- _PROBLEM_: Where a line of the material contains the string "definition", copy that line.

- _DATA FOR REVIEW_:
text \<open>Points of (R^d)^(n+1) are represented as functions nat => 'a (only indices 0..n matter);
  'a is a Euclidean space of dimension d >= 1.\<close>

definition aug_lagr ::
  "(nat \<Rightarrow> 'a::euclidean_space \<Rightarrow> real) \<Rightarrow> ('a \<Rightarrow> 'a) \<Rightarrow> (nat \<Rightarrow> real) \<Rightarrow> nat
   \<Rightarrow> (nat \<Rightarrow> 'a) \<Rightarrow> (nat \<Rightarrow> 'a) \<Rightarrow> real" where
  "aug_lagr f phi rho n x lam =
     (\<Sum>i\<le>n. f i (x i)) +
     (\<Sum>i<n. inner (lam i) (x (Suc i) - phi (x i)) + rho i / 2 * (norm (x (Suc i) - phi (x i)))\<^sup>2)"

text \<open>Proximal ADMM: x k i is x_i^k, lam k i is lambda_i^k.\<close>
definition prox_admm ::
  "(nat \<Rightarrow> 'a::euclidean_space \<Rightarrow> real) \<Rightarrow> ('a \<Rightarrow> 'a) \<Rightarrow> (nat \<Rightarrow> real) \<Rightarrow> (nat \<Rightarrow> real) \<Rightarrow> nat
   \<Rightarrow> (nat \<Rightarrow> nat \<Rightarrow> 'a) \<Rightarrow> (nat \<Rightarrow> nat \<Rightarrow> 'a) \<Rightarrow> bool" where
  "prox_admm f phi rho eta n x lam \<longleftrightarrow>
     (\<forall>k. \<forall>i\<le>n. \<forall>z.
        aug_lagr f phi rho n (\<lambda>j. if j < i then x (Suc k) j else if j = i then x (Suc k) i else x k j) (lam k)
          + 1 / (2 * eta i) * (norm (x (Suc k) i - x k i))\<^sup>2
        \<le> aug_lagr f phi rho n (\<lambda>j. if j < i then x (Suc k) j else if j = i then z else x k j) (lam k)
          + 1 / (2 * eta i) * (norm (z - x k i))\<^sup>2) \<and>
     (\<forall>k. \<forall>j<n. lam (Suc k) j = lam k j + rho j *\<^sub>R (x (Suc k) (Suc j) - phi (x (Suc k) j)))"

text \<open>Assumption (A2) on a set S of points (restricted to indices 0..n).
  Df i x is the gradient of f i at x, Dphi x the Jacobian of phi at x (norm = operator 2-norm).\<close>
definition assumption_A2 ::
  "nat \<Rightarrow> (nat \<Rightarrow> 'a::euclidean_space \<Rightarrow> 'a) \<Rightarrow> ('a \<Rightarrow> 'a) \<Rightarrow> ('a \<Rightarrow> 'a \<Rightarrow>\<^sub>L 'a)
   \<Rightarrow> (nat \<Rightarrow> 'a) set \<Rightarrow> real \<Rightarrow> real \<Rightarrow> real \<Rightarrow> real \<Rightarrow> real \<Rightarrow> bool" where
  "assumption_A2 n Df phi Dphi S Mf Lf Cphi Mphi Lphi \<longleftrightarrow>
     Mf > 0 \<and> Lf > 0 \<and> Cphi > 0 \<and> Mphi > 0 \<and> Lphi > 0 \<and>
     (\<forall>x\<in>S. \<forall>y\<in>S. \<forall>i\<le>n.
        norm (Df i (x i)) \<le> Mf \<and>
        norm (Df i (x i) - Df i (y i)) \<le> Lf * norm (x i - y i) \<and>
        norm (phi (x i)) \<le> Cphi \<and>
        norm (Dphi (x i)) \<le> Mphi \<and>
        norm (Dphi (x i) - Dphi (y i)) \<le> Lphi * norm (x i - y i))"

text \<open>(M^a - M^b)/(1 - M) read as sum_{l=a}^{b-1} M^l.\<close>
definition geo_quot :: "real \<Rightarrow> nat \<Rightarrow> nat \<Rightarrow> real" where
  "geo_quot M a b = (\<Sum>l=a..<b. M ^ l)"

definition C_const ::
  "nat \<Rightarrow> real \<Rightarrow> real \<Rightarrow> real \<Rightarrow> real \<Rightarrow> (nat \<Rightarrow> real) \<Rightarrow> (nat \<Rightarrow> real) \<Rightarrow> nat \<Rightarrow> nat \<Rightarrow> real" where
  "C_const n Mf Lf Mphi Lphi rho eta j i =
     (if j = i then geo_quot Mphi 0 (n - i - 1) * Mf * Lphi + Lf + 1 / eta (Suc i)
      else geo_quot Mphi (j - i) (n - i - 1) * Mf * Lphi + Mphi ^ (j - i) * Lf
        + (2 * real j - 2 * real i + 1) * Mphi ^ (j - i) / eta (Suc j)
        + (2 * real j - 2 * real i - 1) * rho j * Mphi ^ (j - i))"

definition Ct_const ::
  "real \<Rightarrow> (nat \<Rightarrow> real) \<Rightarrow> (nat \<Rightarrow> real) \<Rightarrow> nat \<Rightarrow> nat \<Rightarrow> real" where
  "Ct_const Mphi rho eta j i =
     (if j = i then 1 / eta (Suc i)
      else Mphi ^ (j - i) / eta (Suc j) + rho j * Mphi ^ (j - i))"

end

theory Submission
  imports Defs
begin

(* The optimality condition of the x_(j+1)-block update, combined with the multiplier update,
   expresses lambda_j^(k+1) through grad f_(j+1), the proximal step and Dphi(x_(j+1))^T lambda_(j+1)^(k+1):
   a backward recursion in j that ends at j = n - 1.  Subtracting the recursions at iterations k + 1
   and k and unrolling them from n - 1 down to i bounds |lambda_i^(k+1) - lambda_i^k| by
   sum_j (C_(j,i) |x_(j+1)^(k+1) - x_(j+1)^k| + C~_(j,i) |x_(j+1)^k - x_(j+1)^(k-1)|);
   Cauchy-Schwarz over these n - i terms gives the squared bound. *)

lemma linear_blinfun_apply: "linear (blinfun_apply A)"
  by (rule bounded_linear.linear[OF blinfun.bounded_linear_right])

lemma norm_adjoint_blinfun_le:
  fixes A :: "'a::euclidean_space \<Rightarrow>\<^sub>L 'b::euclidean_space"
  shows "norm (adjoint (blinfun_apply A) v) \<le> norm A * norm v"
proof -
  let ?w = "adjoint (blinfun_apply A) v"
  have "norm ?w * norm ?w = inner ?w ?w"
    by (simp add: power2_norm_eq_inner[symmetric] power2_eq_square)
  also have "\<dots> = inner (A ?w) v"
    by (rule adjoint_clauses(1)[OF linear_blinfun_apply])
  also have "\<dots> \<le> norm (A ?w) * norm v"
    by (rule norm_cauchy_schwarz)
  also have "\<dots> \<le> norm A * norm ?w * norm v"
    by (intro mult_right_mono norm_blinfun) simp
  also have "\<dots> = norm A * norm v * norm ?w"
    by (simp add: mult_ac)
  finally show ?thesis
    by (cases "norm ?w = 0") (simp_all add: mult_le_cancel_right)
qed

lemma adjoint_blinfun_diff:
  fixes A B :: "'a::euclidean_space \<Rightarrow>\<^sub>L 'b::euclidean_space"
  shows "adjoint (blinfun_apply A) v - adjoint (blinfun_apply B) v = adjoint (blinfun_apply (A - B)) v"
proof -
  have "inner h (adjoint (blinfun_apply A) v - adjoint (blinfun_apply B) v)
      = inner h (adjoint (blinfun_apply (A - B)) v)" for h
    by (simp add: inner_diff_right adjoint_clauses(1)[OF linear_blinfun_apply] blinfun.diff_left inner_diff_left)
  then show ?thesis
    using vector_eq_ldot by blast
qed

lemma norm_adjoint_diff_le:
  fixes A1 A0 :: "'a::euclidean_space \<Rightarrow>\<^sub>L 'b::euclidean_space"
  assumes "L = G + R"
  shows "norm (adjoint (blinfun_apply A1) L - adjoint (blinfun_apply A0) L')
    \<le> norm (A1 - A0) * norm G + (norm A1 + norm A0) * norm R + norm A0 * norm (L - L')"
proof -
  let ?adj = "\<lambda>A. adjoint (blinfun_apply A)"
  have lin: "linear (?adj A)" for A :: "'a \<Rightarrow>\<^sub>L 'b"
    by (rule adjoint_linear[OF linear_blinfun_apply])
  have "?adj A1 L - ?adj A0 L' = ?adj (A1 - A0) G + ?adj (A1 - A0) R + ?adj A0 (L - L')"
    unfolding assms adjoint_blinfun_diff[symmetric] linear_add[OF lin] linear_diff[OF lin]
    by (simp add: algebra_simps)
  also have "norm \<dots> \<le> norm (A1 - A0) * norm G + norm (A1 - A0) * norm R + norm A0 * norm (L - L')"
    by (intro norm_triangle_le add_mono norm_adjoint_blinfun_le)
  also have "norm (A1 - A0) * norm R \<le> (norm A1 + norm A0) * norm R"
    by (intro mult_right_mono norm_triangle_ineq4) simp
  finally show ?thesis by simp
qed

lemma geo_quot_Suc_Suc: "geo_quot M (Suc a) (Suc b) = M * geo_quot M a b"
  unfolding geo_quot_def sum.shift_bounds_Suc_ivl by (simp add: sum_distrib_left)

lemma geo_quot_0_Suc: "geo_quot M 0 (Suc b) = 1 + M * geo_quot M 0 b"
proof -
  have "geo_quot M 0 (Suc b) = 1 + geo_quot M (Suc 0) (Suc b)"
    unfolding geo_quot_def by (simp add: sum.atLeast_Suc_lessThan)
  then show ?thesis by (simp add: geo_quot_Suc_Suc)
qed

lemma square_sum_le_card_sum_squares:
  fixes u v :: "'a \<Rightarrow> real"
  shows "(\<Sum>j\<in>I. u j + v j)\<^sup>2 \<le> 2 * real (card I) * (\<Sum>j\<in>I. (u j)\<^sup>2 + (v j)\<^sup>2)"
proof -
  have "(\<Sum>j\<in>I. u j + v j)\<^sup>2 \<le> (\<Sum>j\<in>I. (u j + v j)\<^sup>2) * card I"
    by (rule sum_squared_le_sum_of_squares)
  also have "\<dots> \<le> (\<Sum>j\<in>I. 2 * ((u j)\<^sup>2 + (v j)\<^sup>2)) * card I"
  proof (intro mult_right_mono sum_mono)
    show "(u j + v j)\<^sup>2 \<le> 2 * ((u j)\<^sup>2 + (v j)\<^sup>2)" for j
      using zero_le_power2[of "u j - v j"] by (simp add: power2_eq_square algebra_simps)
  qed simp
  finally show ?thesis by (simp add: sum_distrib_left mult_ac)
qed

lemma C_const_step:
  assumes J: "Suc i \<le> J" "J < n" and eta: "eta (Suc J) \<noteq> 0"
  shows "C_const n Mf Lf M Lp rho eta J i * a + Ct_const M rho eta J i * b
    = M * (C_const n Mf Lf M Lp rho eta J (Suc i) * a + Ct_const M rho eta J (Suc i) * b)
      + 2 * M * (M ^ (J - Suc i) * (a / eta (Suc J) + (if Suc i < J then rho J * a else 0)))
      + (if J = Suc i then rho J * M * (a + b) else 0)"
proof -
  have shift: "J - i = Suc (J - Suc i)" "n - i - 1 = Suc (n - Suc i - 1)"
    using J by auto
  then have "geo_quot M (J - i) (n - i - 1) = M * geo_quot M (J - Suc i) (n - Suc i - 1)"
    by (simp add: geo_quot_Suc_Suc)
  with shift J show ?thesis
    by (cases "J = Suc i") (simp_all add: C_const_def Ct_const_def field_simps eta)
qed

- _EXERCISE RESULT_:
definition aug_lagr ::
definition prox_admm ::
definition assumption_A2 ::
definition geo_quot :: "real \<Rightarrow> nat \<Rightarrow> nat \<Rightarrow> real" where
definition C_const ::
definition Ct_const ::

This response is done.